Every one comes with a cover-mounted “free gift” (ha ha): fairy princess lockets; Peppa Pig watches; decoder rings; Batman whizzer-launchers... most of which disintegrate before you get the magazine home. You can, Horatio points out with rolled eye, follow the adventures of the eco-heroic underwater explorers Octonauts on CBeebies, and then buy magazines bundled with, as he puts it, “crummy plastic Octonauts toys destined for the ocean”.

He knows the market for these magazines is competitive. And he thinks the handful of publishers that produce most of them — National Geographic, Redan, Egmont and Immediate Media — “know it’s wrong, would probably love to drop the tat, but commercially they must feel they can’t unless they all do”.

"The tattiest of all the plastic tat that laps around parents of young children comes off the front of kids’ magazines"

So Horatio is campaigning via social media and email to encourage them, as one, to do just that. The issue is gaining traction on social media, and so far he’s had promising but non-promising responses — that is, all four publishers have responded to tell him they’re going to respond.

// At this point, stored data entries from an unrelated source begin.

lemma face_ins_cube: "i \<in> I \<Longrightarrow> u \<in> cube (I - {i}) \<Longrightarrow> face_ins i b u \<in> cube I"
  by (auto simp: cube_def face_ins_def)

lemma upd_zero_rdom: "(v, z) \<in> rdom I \<Longrightarrow> (v(i := 0), z) \<in> rdom (I - {i})"
  by (auto simp: rdom_iff cube_def)

lemma face_ins_upd_zero: "v i = 0 \<or> v i = 1 \<Longrightarrow> face_ins i (v i = 1) (v(i := 0)) = v"
  by (auto simp: face_ins_def)

lemma upd_zero_face_ins: "(u, z) \<in> rdom (I - {i}) \<Longrightarrow> (face_ins i b u)(i := 0) = u"
  by (auto simp: rdom_iff cube_def face_ins_def)

lemma face_ins_commute: "i \<noteq> j \<Longrightarrow> face_ins i b \<circ> face_ins j c = face_ins j c \<circ> face_ins i b"
  by (auto simp: face_ins_def fun_upd_twist)

lemma bdry_face_ins: "i \<in> I \<Longrightarrow> bdry I (face_ins i b u)"
  by (auto simp: bdry_def face_ins_def)

lemma base_family_rdom: "base_family r \<Longrightarrow> finite I \<Longrightarrow> x \<in> rdom I \<Longrightarrow> r I x \<in> rdom I"
  unfolding base_family_def by blast

lemma base_family_idem: "base_family r \<Longrightarrow> finite I \<Longrightarrow> x \<in> rdom I \<Longrightarrow> r I (r I x) = r I x"
  unfolding base_family_def by blast

lemma base_family_fixed_iff:
  "base_family r \<Longrightarrow> finite I \<Longrightarrow> (u, z) \<in> rdom I \<Longrightarrow> r I (u, z) = (u, z) \<longleftrightarrow> bdry I u \<or> z = 0"
  unfolding base_family_def by blast

lemma base_family_image:
  assumes "base_family r" "finite I" "x \<in> rdom I" "r I x = (v, z)"
  shows "bdry I v \<or> z = 0"
  using assms base_family_rdom[OF assms(1-3)] base_family_idem[OF assms(1-3)]
    base_family_fixed_iff[OF assms(1,2), of v z] by simp

definition bdry_coord :: "name set \<Rightarrow> (name \<Rightarrow> real) \<Rightarrow> name" where
  "bdry_coord I v = (SOME i. i \<in> I \<and> (v i = 0 \<or> v i = 1))"

lemma bdry_coord: "bdry I v \<Longrightarrow> bdry_coord I v \<in> I \<and> (v (bdry_coord I v) = 0 \<or> v (bdry_coord I v) = 1)"
  unfolding bdry_coord_def bdry_def by (rule someI_ex) blast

Wouldn’t it be a joy if they did the right thing? Go on, lads: just think of dear Captain Barnacles gasping his last with a plastic magazine bag wrapped around his head like the victim in a Scandi crime drama. Do it for the Octonauts.

Hail a writer who reports his worst work

It’s easy to assume that those of great reputation ascend without interruption on wings of talent and charm. So how cheering it is to hear that a blistering 1976 memo has come to light from an editor at the New York Times to a young Seymour Hersh in response to Hersh grumbling about the editing of his work.

“Sy” is a multiple prize-winning investigative journalist, and at this stage had already made his reputation exposing the My Lai massacre.

He was told: “It should interest you to note that at this moment a good part of the New York Times has come to a standstill because the deputy managing editor, one assistant managing editor, one acting national editor and one assistant national editor are all tied up as they have been all day, and for days past, in trying to get your series into printable form.

“It seems to me that if I were a reporter whose work needed that much attention I would be slightly embarrassed and hugely grateful.”

Yowch. And how exactly did this come out? Well, Hersh reproduced it in his new memoir Reporter. That shows class.

*Vicky Beeching is an Oxford-trained theologian, a star of the Christian music charts and was tipped for ordination by the Archbishop of Canterbury. But since she came out as gay she lost her record contract was shunned by her church and received death threats. On the verge of training to become a priest, she was told privately by clergy that she’d have to promise to forgo sex.

Vicky Beeching (Rex Features)
Vicky Beeching (Rex Features)

She has now decided not to try, saying: “My career and vocation are blocked by a stained-glass ceiling.” I’m not a Christian, so it’s not my fight. It’s their club. But who’d be a member of a club like that?